Chocolate Brownie Overnight Oats
- Cocoa powder. Use unsweetened.
- Chocolate chips. The mini chips are easier to mix into overnight oats.
- Brownie. Go right ahead and crumble in your favorite brownie for rich, decadent flavor at breakfast.
Lemon-Blueberry Cheesecake Overnight Oats
- Cream cheese. Make sure it’s at room temperature for easy blending.
- Lemon zest. This adds that signature cheesecake flavor.
- Blueberries. Fresh will work best.
Thai Mango Overnight Oatmeal
- Mango preserves. I like using sugar-free mango preserve.
- Fresh mango. This adds wonderful texture and flavor.
- Coconut butter. For a rich, creamy texture and Thai flavor.
Ingredient Swaps
Here are a few simple swaps if you don’t have all of the ingredients for this easy overnight oats recipe:
- In the base, you can use quick, rolled or gluten-free oats.
- Feel free to use coconut (or another non-dairy) yogurt instead of dairy yogurt.
- You can replace the milk with water or tea.
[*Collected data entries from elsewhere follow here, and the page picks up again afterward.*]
lemma phi_S_gap:
  assumes "p \<ge> 2" and legal: "successively legal_pair w"
    and "phi p w = x @ S # y @ S # z"
  shows "p\<^sup>2 + p \<le> Suc (length (phi p y))"
proof -
  obtain w1 a w2 where A: "w = w1 @ a # w2" "a \<noteq> S" "phi p w2 = y @ S # z"
    using assms(3) by (rule phi_split_at_S) auto
  obtain w3 b w4 t' where B: "w2 = w3 @ b # w4" "y = phi p w3 @ t'" "phi_letter p b = t' @ [S]"
    using A(3) by (rule phi_split_at_S) auto
  show ?thesis
  proof (cases b)
    case L
    then have "t' = replicate p L" using B(3) by simp
    then have "p * (p + 1) \<le> length (phi p y)"
      using B(2) by (simp add: length_phi_replicate_L)
    then show ?thesis by (simp add: power2_eq_square algebra_simps)
  next
    case S
    then show ?thesis using B(3) by simp
  next
    case M
    have "w3 \<noteq> []"
    proof
      assume "w3 = []"
      with A(1) B(1) M have "w = w1 @ [a, M] @ w4" by simp
      with legal A(2) show False
        by (simp add: successively_append_iff legal_pair_def)
    qed
    then have "p \<le> length (phi p (phi p w3))" using length_phi_phi_ge[OF assms(1)] by blast
    moreover have "t' = replicate (p - 1) L" using M B(3) by simp
    ultimately have "p + (p - 1) * (p + 1) \<le> length (phi p y)"
      using B(2) by (simp add: length_phi_replicate_L)
    moreover have "p + (p - 1) * (p + 1) + 1 = p\<^sup>2 + p" using assms(1)
      by (cases p) (auto simp: power2_eq_square algebra_simps)
    ultimately show ?thesis by linarith
  qed
qed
Or coffee!
- Try swapping maple syrup with raw honey or stevia extract liquid, to taste.
- Replace vanilla extract with vanilla paste.
- You can also replace the chia seeds with flax seed meal.
How to Make Healthy Overnight Oats with Yogurt and Chia Seeds 5-Ways
It’s incredibly easy to make this cold oats recipe. Here’s how to do it:
Start by making the overnight oats base with yogurt and chia seeds. First, add the oats, milk, yogurt, chia seeds, and maple syrup to a single-serving sealable jar or container. Make sure you leave some space at the top for toppings. Stir the ingredients well so they’re evenly combined. Cover the oats and refrigerate for at least 2 hours, or up to overnight.
Finally, just before serving your oats, add the toppings to make your favorite flavor.
FAQs
I like using quick oats. Even though it’s a bit more processed, it makes a creamier texture. However, if you prefer old-fashioned or rolled oats, those work great too.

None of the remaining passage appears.